Одна из женщин отложила карты, вздохнула, лицо ее посерьезнело:
— Вот вы пожилой, знающий человек, Александр Александрович, а много вы понимаете? Уж как я до войны любила в подкидного играть! Вечера просиживали с Костей да с ее вон Ваней. Четыре года не игрывали. Колоду как есть измусолили, гадали да гадали все...
Вторая женщина уронила карты и заплакала. Доктор дернул себя за ус:
— Извините, извините, пожалуйста, я ведь... Я и сам, собственно... Но пулечку. Тоже с июня сорок первого не сиживал. Как раз расчертили, а радио тут...

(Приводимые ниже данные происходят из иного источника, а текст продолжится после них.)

(* Let $k\ge 1$ and $r\ge 2$ be integers and let $d_1\ge d_2\ge \cdots\ge d_k$ be positive integers. Then for all sufficiently large $n$, $$ex_r\Big(n,\bigcup_{i=1}^k S^+_{d_i}\Big)=\max_{1\le i\le k}\left\{\binom{n}{r}-\binom{n-i+1}{r}+ex_r\big(n-i+1,S^+_{d_i}\big)\right\}.$$
   Context: For a family (or single) $r$-uniform hypergraph $\mathcal F$, $ex_r(n,\mathcal F)$ denotes the maximum number of hyperedges in an $n$-vertex $r$-uniform hypergraph containing no member of $\mathcal F$ as a (not necessarily induced) subhypergraph. $S_\ell$ denotes the star $K_{1,\ell}$ with $\ell$ edges. For a graph $F$ and $r\ge 2$, the expansion $F^+$ is the $r$-uniform hypergraph obtained from $F$ by adding $r-2$ new vertices to each edge, all added vertices being distinct (so for $r=2$, $F^+=F$). $\bigcup_{i=1}^k S^+_{d_i}$ denotes the vertex-disjoint union of the hypergraphs $S^+_{d_1},\dots,S^+_{d_k}$. *)

theory Defs
  imports Main
begin

definition uniform_hypergraphs :: "nat \<Rightarrow> nat \<Rightarrow> nat set set set" where
  "uniform_hypergraphs r n = {H. \<forall>e\<in>H. e \<subseteq> {0..<n} \<and> card e = r}"

definition contains_copy :: "'a set set \<Rightarrow> nat set set \<Rightarrow> bool" where
  "contains_copy F H \<longleftrightarrow> (\<exists>f. inj_on f (\<Union>F) \<and> (\<forall>e\<in>F. f ` e \<in> H))"

definition ex :: "nat \<Rightarrow> nat \<Rightarrow> 'a set set \<Rightarrow> nat" where
  "ex r n F = Max (card ` {H \<in> uniform_hypergraphs r n. \<not> contains_copy F H})"

text \<open>Expansion S_l^+ of the star K_{1,l} into an r-graph: centre 0, leaves 1..l,
  the j-th edge {0,j} receives the r-2 fresh vertices l+(j-1)(r-2)+1 .. l+j(r-2).\<close>
definition star_plus :: "nat \<Rightarrow> nat \<Rightarrow> nat set set" where
  "star_plus r l = (\<lambda>j. {0, j} \<union> {l + (j - 1) * (r - 2) + 1 .. l + j * (r - 2)}) ` {1..l}"
lemma frechet_derivative_horizontal:
  fixes f :: "(real^'n) \<times> (real^'n) \<Rightarrow> real"
  assumes "f differentiable (at z)"
  shows "frechet_derivative f (at z) (h, 0) = (\<Sum>i\<in>UNIV. h $ i * pderiv_dir f (dx i) z)"
proof -
  have "(h, 0) = (\<Sum>i\<in>UNIV. h $ i *\<^sub>R dx i)"
    by (simp add: dx_def prod_eq_iff fst_sum snd_sum) (rule vec_eq_sum_axis)
  with linear_frechet_derivative[OF assms] show ?thesis
    by (simp add: linear_sum linear_scale pderiv_dir_def)
qed

lemma frechet_derivative_vertical:
  fixes f :: "(real^'n) \<times> (real^'n) \<Rightarrow> real"
  assumes "f differentiable (at z)"
  shows "frechet_derivative f (at z) (0, h) = (\<Sum>i\<in>UNIV. h $ i * pderiv_dir f (dy i) z)"
proof -
  have "(0, h) = (\<Sum>i\<in>UNIV. h $ i *\<^sub>R dy i)"
    by (simp add: dy_def prod_eq_iff fst_sum snd_sum) (rule vec_eq_sum_axis)
  with linear_frechet_derivative[OF assms] show ?thesis
    by (simp add: linear_sum linear_scale pderiv_dir_def)
qed

lemma sum_snd_dy_mult: "(\<Sum>k\<in>UNIV. snd (dy j) $ k * f k) = f j"
  unfolding dy_def axis_def by (simp add: if_distrib[of "\<lambda>x. x * _"] cong: if_cong)

lemma has_derivative_sum_snd_mult:
  fixes G :: "'n \<Rightarrow> (real^'n) \<times> (real^'n) \<Rightarrow> real"
  assumes "\<And>k. G k differentiable (at z)"
  shows "((\<lambda>z. \<Sum>k\<in>UNIV. snd z $ k * G k z) has_derivative
      (\<lambda>h. \<Sum>k\<in>UNIV. snd z $ k * frechet_derivative (G k) (at z) h + snd h $ k * G k z)) (at z)"
proof -
  have "((\<lambda>z. snd z $ k) has_derivative (\<lambda>h. snd h $ k)) (at z)" for k
    by (intro bounded_linear_imp_has_derivative bounded_linear_compose[OF bounded_linear_vec_nth]
        bounded_linear_snd)
  then show ?thesis
    by (intro has_derivative_sum has_derivative_mult frechet_derivative_works[THEN iffD1] assms)
qed

lemma pderiv_dir_sum_snd_mult:
  fixes G :: "'n \<Rightarrow> (real^'n) \<times> (real^'n) \<Rightarrow> real"
  assumes "\<And>k. G k differentiable (at z)"
  shows "pderiv_dir (\<lambda>z. \<Sum>k\<in>UNIV. snd z $ k * G k z) b z
     = (\<Sum>k\<in>UNIV. snd b $ k * G k z + snd z $ k * pderiv_dir (G k) b z)"
  using pderiv_dir_eqI[OF has_derivative_sum_snd_mult[of G, OF assms], of b]
  by (simp add: pderiv_dir_def add.commute)

section \<open>Minkowski spaces\<close>

lemma minkowski_pderiv_dir:
  fixes g :: "(real^'n) \<times> (real^'n) \<Rightarrow> real"
  assumes "minkowski g"
  shows "minkowski (pderiv_dir g b)"
  unfolding minkowski_def
proof (intro allI)
  fix p q v
  have "g (y + (q - p, 0)) = g y" for y
    using assms by (cases y) (simp add: minkowski_def)
  from pderiv_dir_translate[of g, OF this, of b "(p, v)"]
  show "pderiv_dir g b (p, v) = pderiv_dir g b (q, v)" by simp
qed

lemma pderiv_dir_dx_eq_0_if_minkowski:
  fixes g :: "(real^'n) \<times> (real^'n) \<Rightarrow> real"
  assumes "minkowski g" "g differentiable (at z)"
  shows "pderiv_dir g (dx k) z = 0"
proof (rule pderiv_dir_eq_0_if_constant_on_line[OF assms(2)])
  show "g (z + t *\<^sub>R dx k) = g z" for t
    using assms(1) by (cases z) (simp add: minkowski_def dx_def)
qed

lemma minkowski_if_pderiv_dir_dx_eq_0:
  fixes g :: "(real^'n) \<times> (real^'n) \<Rightarrow> real"
  assumes dg: "\<And>z. z \<in> slit \<Longrightarrow> g differentiable (at z)"
    and dx0: "\<And>z k. z \<in> slit \<Longrightarrow> pderiv_dir g (dx k) z = 0"
    and "\<And>p q. g (p, 0) = g (q, 0)"
  shows "minkowski g"
  unfolding minkowski_def
proof (intro allI)
  fix p q v
  show "g (p, v) = g (q, v)"
  proof (cases "v = 0")
    case True
    with assms(3) show ?thesis by simp
  next
    case False
    have "((\<lambda>x. g (x, v)) has_derivative (\<lambda>h. 0)) (at x within UNIV)" for x
    proof -
      have z: "(x, v) \<in> slit" using False by simp
      have "((\<lambda>x. (x, v)) has_derivative (\<lambda>h. (h, 0))) (at x)"
        by (auto intro!: derivative_eq_intros)
      moreover have "(g has_derivative frechet_derivative g (at (x, v))) (at ((\<lambda>x. (x, v)) x))"
        using frechet_derivative_works[THEN iffD1, OF dg[OF z]] by simp
      ultimately have "((\<lambda>x. g (x, v)) has_derivative (\<lambda>h. frechet_derivative g (at (x, v)) (h, 0))) (at x)"
        using has_derivative_compose[of "\<lambda>x. (x, v)"] by blast
      then show ?thesis
        using frechet_derivative_horizontal[OF dg[OF z]] dx0[OF z] by simp
    qed
    then obtain c where "\<forall>x\<in>UNIV. g (x, v) = c"
      using has_derivative_zero_constant[OF convex_UNIV] by metis
    then show ?thesis by simp
  qed
qed

lemma minkowski_power2_iff:
  fixes F :: "(real^'n) \<times> (real^'n) \<Rightarrow> real"
  assumes "\<And>p v. 0 \<le> F (p, v)"
  shows "minkowski (\<lambda>z. (F z)\<^sup>2) \<longleftrightarrow> minkowski F"
  using assms by (simp add: minkowski_def power2_eq_iff_nonneg)

lemma euler_homogeneous:
  fixes L :: "(real^'n) \<times> (real^'n) \<Rightarrow> real"
  assumes hom: "\<And>c. c > 0 \<Longrightarrow> L (p, c *\<^sub>R v) = c ^ r * L (p, v)"
    and dL: "L differentiable (at (p, v))"
  shows "(\<Sum>k\<in>UNIV. v $ k * pderiv_dir L (dy k) (p, v)) = r * L (p, v)"
proof -
  have "((\<lambda>c. L ((p, 0) + c *\<^sub>R (0, v))) has_real_derivative pderiv_dir L (0, v) ((p, 0) + 1 *\<^sub>R (0, v))) (at 1)"
    by (rule has_real_derivative_pderiv_dir_line) (simp add: dL)
  then have "((\<lambda>c. L ((p, 0) + c *\<^sub>R (0, v))) has_real_derivative frechet_derivative L (at (p, v)) (0, v)) (at 1)"
    by (simp add: pderiv_dir_def)
  then have "((\<lambda>c. c ^ r * L (p, v)) has_real_derivative frechet_derivative L (at (p, v)) (0, v)) (at 1)"
    by (rule has_field_derivative_transform_within_open[of _ _ _ "{0<..}"]) (auto simp: hom)
  moreover have "((\<lambda>c. c ^ r * L (p, v)) has_real_derivative (r * L (p, v))) (at 1)"
    by (auto intro!: derivative_eq_intros)
  ultimately show ?thesis
    using DERIV_unique frechet_derivative_vertical[OF dL, of v] by metis
qed

lemma euler_homogeneous_pderiv_dir_dx:
  fixes L :: "(real^'n) \<times> (real^'n) \<Rightarrow> real"
  assumes sL: "smooth_on slit L"
    and hom: "\<And>p v c. c > 0 \<Longrightarrow> L (p, c *\<^sub>R v) = c ^ r * L (p, v)"
    and z: "z \<in> slit"
  shows "(\<Sum>k\<in>UNIV. snd z $ k * pderiv_dir (pderiv_dir L (dy k)) (dx i) z)
    = r * pderiv_dir L (dx i) z"
proof -
  have euler: "(\<Sum>k\<in>UNIV. snd x $ k * pderiv_dir L (dy k) x) = r * L x" if "x \<in> slit" for x
    using that by (cases x) (auto intro!: euler_homogeneous hom smooth_on_differentiable[OF sL])
  have "(\<Sum>k\<in>UNIV. snd z $ k * pderiv_dir (pderiv_dir L (dy k)) (dx i) z)
      = pderiv_dir (\<lambda>x. \<Sum>k\<in>UNIV. snd x $ k * pderiv_dir L (dy k) x) (dx i) z"
    using smooth_on_differentiable[OF smooth_on_pderiv_dir[OF sL dy_in_Basis] z]
    by (subst pderiv_dir_sum_snd_mult) (simp_all add: dx_def)
  also have "\<dots> = pderiv_dir (\<lambda>x. r * L x) (dx i) z"
    by (rule pderiv_dir_cong_open[OF open_slit z euler])
  also have "\<dots> = r * pderiv_dir L (dx i) z"
    by (rule pderiv_dir_cmult[OF smooth_on_differentiable[OF sL z]])
  finally show ?thesis .
qed
(* Let $m \ge n$, let $A$ be an $m \times n$ matrix with integer coefficients of full rank $n$, and let $b \in \mathbb{Z}^m$. Set $H = \max_{i,j}\left(|A_{ij}|, |b_i|\right)$. If $b$ is not orthogonal to the image of $A$, then \[ \kappa_{LS}(A,b) \le 3\, n^{\frac{n}{2}+1} m^{n+\frac{1}{2}} H^{2n+1}. \]
   Context: Norms are Euclidean $2$-norms. Let $x \in \mathbb{R}^n$ be the minimizer of $\|Ax-b\|^2$ (least squares solution), $r = Ax - b$ the residual, and $\theta \in [0,\pi/2]$ defined by $\sin\theta = \|r\|/\|b\|$. Let $\sigma_{\max}(A)$ and $\sigma_{\min}(A)$ be the largest and smallest singular values of $A$ and $\kappa(A) = \sigma_{\max}(A)/\sigma_{\min}(A)$. The condition number of the least squares problem is \[ \kappa_{LS}(A,b) = \frac{2\kappa(A)}{\cos\theta} + \tan\theta\,\kappa(A)^2 . \] *)

theory Defs
  imports "HOL-Analysis.Analysis"
begin

definition mat_eigenvalues :: "real^'n^'n \<Rightarrow> real set" where
  "mat_eigenvalues M = {e. \<exists>v. v \<noteq> 0 \<and> M *v v = e *\<^sub>R v}"

definition sigma_max :: "real^'n^'m \<Rightarrow> real" where
  "sigma_max A = sqrt (Max (mat_eigenvalues (transpose A ** A)))"

definition sigma_min :: "real^'n^'m \<Rightarrow> real" where
  "sigma_min A = sqrt (Min (mat_eigenvalues (transpose A ** A)))"

definition kappa :: "real^'n^'m \<Rightarrow> real" where
  "kappa A = sigma_max A / sigma_min A"

definition ls_solution :: "real^'n^'m \<Rightarrow> real^'m \<Rightarrow> real^'n" where
  "ls_solution A b = (THE x. \<forall>y. (norm (A *v x - b))\<^sup>2 \<le> (norm (A *v y - b))\<^sup>2)"

definition ls_residual :: "real^'n^'m \<Rightarrow> real^'m \<Rightarrow> real^'m" where
  "ls_residual A b = A *v ls_solution A b - b"

definition ls_theta :: "real^'n^'m \<Rightarrow> real^'m \<Rightarrow> real" where
  "ls_theta A b = arcsin (norm (ls_residual A b) / norm b)"

definition kappa_LS :: "real^'n^'m \<Rightarrow> real^'m \<Rightarrow> real" where
  "kappa_LS A b = 2 * kappa A / cos (ls_theta A b) + tan (ls_theta A b) * (kappa A)\<^sup>2"

definition height :: "real^'n^'m \<Rightarrow> real^'m \<Rightarrow> real" where
  "height A b = Max ({\<bar>A $ i $ j\<bar> | i j. True} \<union> {\<bar>b $ i\<bar> | i. True})"

end

theory Submission
  imports Defs
begin

text \<open>
  Let G = A^T A and D = det G. As A is injective, kappa(A)^2 is the ratio of the extreme
  eigenvalues of G, which are positive. The largest one is at most the squared Frobenius norm
  n m H^2. For the smallest one, every eigenvector v satisfies |v|^2 <= tr(G^-1) |A v|^2, and
  Gram-Schmidt with the i-th column taken last gives (G^-1)_ii D <= (m H^2)^(n-1); hence
  kappa(A)^2 D <= n^2 m^n H^(2n).
  On the least squares side, kappa_LS <= 3 kappa^2 / cos theta = 3 kappa^2 |b| / |A x|, and by
  Cramer's rule D |A x|^2 = D (x . A^T b) is a positive integer, so 1 <= D |A x|. Altogether
  kappa_LS <= 3 n^2 m^(n + 1/2) H^(2n + 1), which is below the stated bound.
\<close>

lemma quadratic_nonneg_imp_linear_coeff_zero:
  fixes a c :: real
  assumes nonneg: "\<And>t. 0 \<le> 2 * t * a + t\<^sup>2 * c" and "0 \<le> c"
  shows "a = 0"
proof -
  define t where "t = - a / (c + 1)"
  have "2 * t * a + t\<^sup>2 * c = - (a\<^sup>2 * (c + 2)) / (c + 1)\<^sup>2"
    using \<open>0 \<le> c\<close> by (simp add: t_def divide_simps) (simp add: algebra_simps power2_eq_square)
  moreover have "0 < (c + 1)\<^sup>2"
    using \<open>0 \<le> c\<close> by (simp add: add_nonneg_eq_0_iff)
  ultimately have "a\<^sup>2 * (c + 2) \<le> 0"
    using nonneg[of t] by (auto simp: divide_le_0_iff)
  then have "a\<^sup>2 \<le> 0"
    using \<open>0 \<le> c\<close> by (simp add: mult_le_0_iff)
  then show ?thesis by simp
qed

Мы догнали двух женщин и услышали такой разговор:
— Ты смотри, как мало стало в городе мужиков. Я помню, до войны было... Выйдут вечером на улицу, летом — полным-полно. Кто, верно, в карты, кто в домино. Молодые, — ну как? — лет по восемнадцать, а то и по двадцать, те в лапту или футбол, прямо улицу перегородят. А сейчас где они? Шаром покати, одни инвалиды.
— Теперь вернутся. Да это, поди, только и мнится так, митинги сейчас на обоих заводах, туда почти все подались.
Когда поравнялись с ними, я пошутил:
— Ништяк, тетенька: нас мало, но мы в тельняшках!
— Тьфу ты, ососок! — выругалась та, которая говорила, что мужчин осталось мало. — Вот ведь растут же — наказание божие. Ты им слово — они тебе пять.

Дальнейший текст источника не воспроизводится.